Turn User Authentication On and enable Two-Factor Authentication/Bio-metrics.
OTP based sign-on and captcha checks are also popular approaches to protect sign-in.

Public Wi-Fi

Even a WebRTC e2e encrypted connection can be tampered with on an insecure Wifi. Even though Man-in-middle cannot decipher message content, they can make out intelligible information from the packet size, frequency, end parties’ IP and ports in signalling, time delay for network detection of remote etc.
For native clients, a precautionary measure is to enable Remote Lock and Data Wipe. Also advised to only use authorized apps to permit sensitive data such as image storage.

Native WebRTC apps

If you use a native WebRTC native app, there are mulitple thinsg that you need to be wary of.

Avoid All Jailbreaks : Jail-breaking a smartphone can enable the user to run unverified or unsupported apps, many of these apps carry security vulnerabilities. Majority of security exploits for Apple’s iOS only affect jailbroken iPhones.

Add a Mobile Security App : Mobile security reports shows that mobile operating systems such as iOS and (especially) Android are increasingly becoming targets for malware. Select a reputable mobile security app that extends the built-in security features of the device’s mobile operating system. Some well-known third-party security vendors offering mobile security apps for iOS, Android and Windows Phone – Avast, Kaspersky, Symantec

Also as a good practise Turn off the Bluetooth, Wi-Fi and NFC when not needed.

Information security

Forum : Huawei

Information security ensures that both physical and digital data is protected from unauthorized access, use, disclosure, disruption, modification, inspection, recording or destruction. 

Intentional Security breaches

Although WebRTC already has best secure tools in its spec list which provide end to end encrypted communication over SRTP DTLS as well as media device access mandatory from websites of secure origin over TLS, yet if the endpoints acting as peers themselves are compromised then all this is in vain . Hence security issues arises when

  • Endpoints are recording their media content and storing it on unsafe location such as public file servers
  • Endpoints are inturn re-streaming their incoming their media streams to unsafe streaming servers

Exploiting human vulnerabilities / Unintentional breaches

Phishing , Pretexting , Baiting attacks , Quid pro quo , Tailgating , Water-Holing are soe of the common tactics to steal teh data of a nonsuspecting user . They are as much applicate to WebRTC based communication site as they are to any other trusted website such as banking , customer care contacts , falsh sale portals , cupon / discount sites etc .
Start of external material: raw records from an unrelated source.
lemma hist_prob_deviation:
  "hist_prob p m (deviation p m \<mu> \<sigma> \<tau>) \<tau> h = deviation_prob p m \<mu> \<sigma> \<tau> h"
proof (induction h rule: rev_induct)
  case Nil
  then show ?case
    by (simp add: deviation_prob_def lists_length_0 strategy_prob_def)
next
  case (snoc x h)
  obtain s a b where x: "x = (s, a, b)"
    by (cases x)
  let ?X = "{xs. length xs = Suc (length h)}"
  let ?D = "\<Sum>xs\<in>?X. dev_weight p m \<mu> \<sigma> \<tau> h s xs"
  let ?N = "\<Sum>xs\<in>?X. dev_weight p m \<mu> \<sigma> \<tau> h s xs * \<sigma> (zip (butlast xs) (map snd h)) (last xs) a"
  let ?step = "if h = [] then m s else p (fst (last h)) s"
  have "hist_prob p m (deviation p m \<mu> \<sigma> \<tau>) \<tau> (h @ [x])
      = ?step * deviation_prob p m \<mu> \<sigma> \<tau> h * deviation p m \<mu> \<sigma> \<tau> h s a * \<tau> (map snd h) a b"
    unfolding x hist_prob_snoc snoc.IH public_hist_eq_map_snd by (simp add: mult_ac)
  also have "\<dots> = ?D * deviation p m \<mu> \<sigma> \<tau> h s a * \<tau> (map snd h) a b"
    by (simp add: sum_dev_weight)
  also have "?D * deviation p m \<mu> \<sigma> \<tau> h s a = ?N"
  proof (cases "?D = 0")
    case True
    have "?N \<le> ?D"
      by (rule sum_mono) (simp add: dev_weight_nonneg sender_strategy_le_1[OF \<sigma>] mult_left_le)
    moreover have "0 \<le> ?N"
      by (intro sum_nonneg mult_nonneg_nonneg dev_weight_nonneg sender_strategy_nonneg[OF \<sigma>])
    ultimately show ?thesis
      using True by simp
  qed (simp add: deviation_def Let_def)
  finally show ?case
    unfolding x deviation_prob_snoc .
qed

lemma stage_payoff_deviation:
  "stage_payoff p m v (deviation p m \<mu> \<sigma> \<tau>) \<tau> n
    = stage_payoff p m (\<lambda>x b. \<Sum>t\<in>UNIV. posterior m \<mu> x t * v t b) \<sigma> \<tau> n"
proof -
  let ?L = "{xs::'s list. length xs = Suc n}" and ?AB = "{ab::('s \<times> 'b) list. length ab = Suc n}"
  let ?F = "\<lambda>x b. \<Sum>t\<in>UNIV. posterior m \<mu> x t * v t b"
  have "stage_payoff p m v (deviation p m \<mu> \<sigma> \<tau>) \<tau> n
      = (\<Sum>ss\<in>?L. \<Sum>ab\<in>?AB. deviation_prob p m \<mu> \<sigma> \<tau> (zip ss ab) * v (last ss) (snd (last ab)))"
    unfolding stage_payoff_def hist_prob_deviation by (rule sum_lists_length_Suc_zip)
  also have "\<dots> = (\<Sum>ss\<in>?L. \<Sum>ab\<in>?AB. \<Sum>xs\<in>?L.
      strategy_prob \<sigma> \<tau> (zip xs ab) * (coupled_prob p m \<mu> ss xs * v (last ss) (snd (last ab))))"
    unfolding deviation_prob_def sum_distrib_right by (intro sum.cong refl) (auto simp: mult_ac)
  also have "\<dots> = (\<Sum>ab\<in>?AB. \<Sum>xs\<in>?L.
      strategy_prob \<sigma> \<tau> (zip xs ab) * (\<Sum>ss\<in>?L. coupled_prob p m \<mu> ss xs * v (last ss) (snd (last ab))))"
    by (subst sum.swap, rule sum.cong[OF refl], subst sum.swap) (simp add: sum_distrib_left)
  also have "\<dots> = (\<Sum>ab\<in>?AB. \<Sum>xs\<in>?L.
      strategy_prob \<sigma> \<tau> (zip xs ab) * (path_prob p m xs * ?F (last xs) (snd (last ab))))"
  proof (intro sum.cong refl)
    fix ab :: "('s \<times> 'b) list" and xs assume "xs \<in> ?L"
    then show "strategy_prob \<sigma> \<tau> (zip xs ab) * (\<Sum>ss\<in>?L. coupled_prob p m \<mu> ss xs * v (last ss) (snd (last ab)))
        = strategy_prob \<sigma> \<tau> (zip xs ab) * (path_prob p m xs * ?F (last xs) (snd (last ab)))"
      using sum_coupled_prob_true_states[of xs n "\<lambda>t. v t (snd (last ab))"] by simp
  qed
  also have "\<dots> = (\<Sum>xs\<in>?L. \<Sum>ab\<in>?AB. hist_prob p m \<sigma> \<tau> (zip xs ab) * ?F (last xs) (snd (last ab)))"
    by (subst sum.swap) (intro sum.cong refl, simp add: hist_prob_eq_path_prob_mult mult_ac)
  also have "\<dots> = stage_payoff p m ?F \<sigma> \<tau> n"
    unfolding stage_payoff_def by (rule sum_lists_length_Suc_zip[symmetric])
  finally show ?thesis .
qed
  • Phone phishing – Voice phishing a criminal phone fraud, imporsonating legitimate caller such as a bank or tax agent and using social engineering over the telephone system to gain access to private personal and financial information for the purpose of financial reward.
  • Phishing – WebRTC data channel messages can be used as a method to do phishing by send malicious links posing as legitmate sender. It is hard to track such attacks since the data channels are p2p.
  • Impersonation attacks – spear-phishing , emails that attempt to impersonate a trusted individual or a company in an attempt to gain access to corporate finances , Human resource details , sesitive data. Business email compromise (BECs) also known as CEO fraud is a popular example of an impersonation attack. The fake email usually describes a very urgent situation to minimize scrutiny and skepticism.
  • Other social engineering tactics – Trickery , Influencing , Deception , Spying

Network security breaches

Inspite of the fact that webrtc is a p2p streaming framework , there are always signalling server required which do the initial handshake and enable the exchange fo SDP for the media to stream in peer to peer fashion . Some wellknown attacks that compromise networks and remote / cloud server are :

  • Viruses, worms and Trojan horses
  • Zero-day attacks
  • Hacker attacks
  • Denial of service attacks
  • Spyware and adware

It is upto the WebRTC/ VoIP service provider to detect emerging threats before they infiltrate network and compromise data. Some crticial compoenets to enhance security are Firewalls , Access Control Lists , Intrusion detection and prevention systems (IDS/IPS) , Virtual private networks (VPN)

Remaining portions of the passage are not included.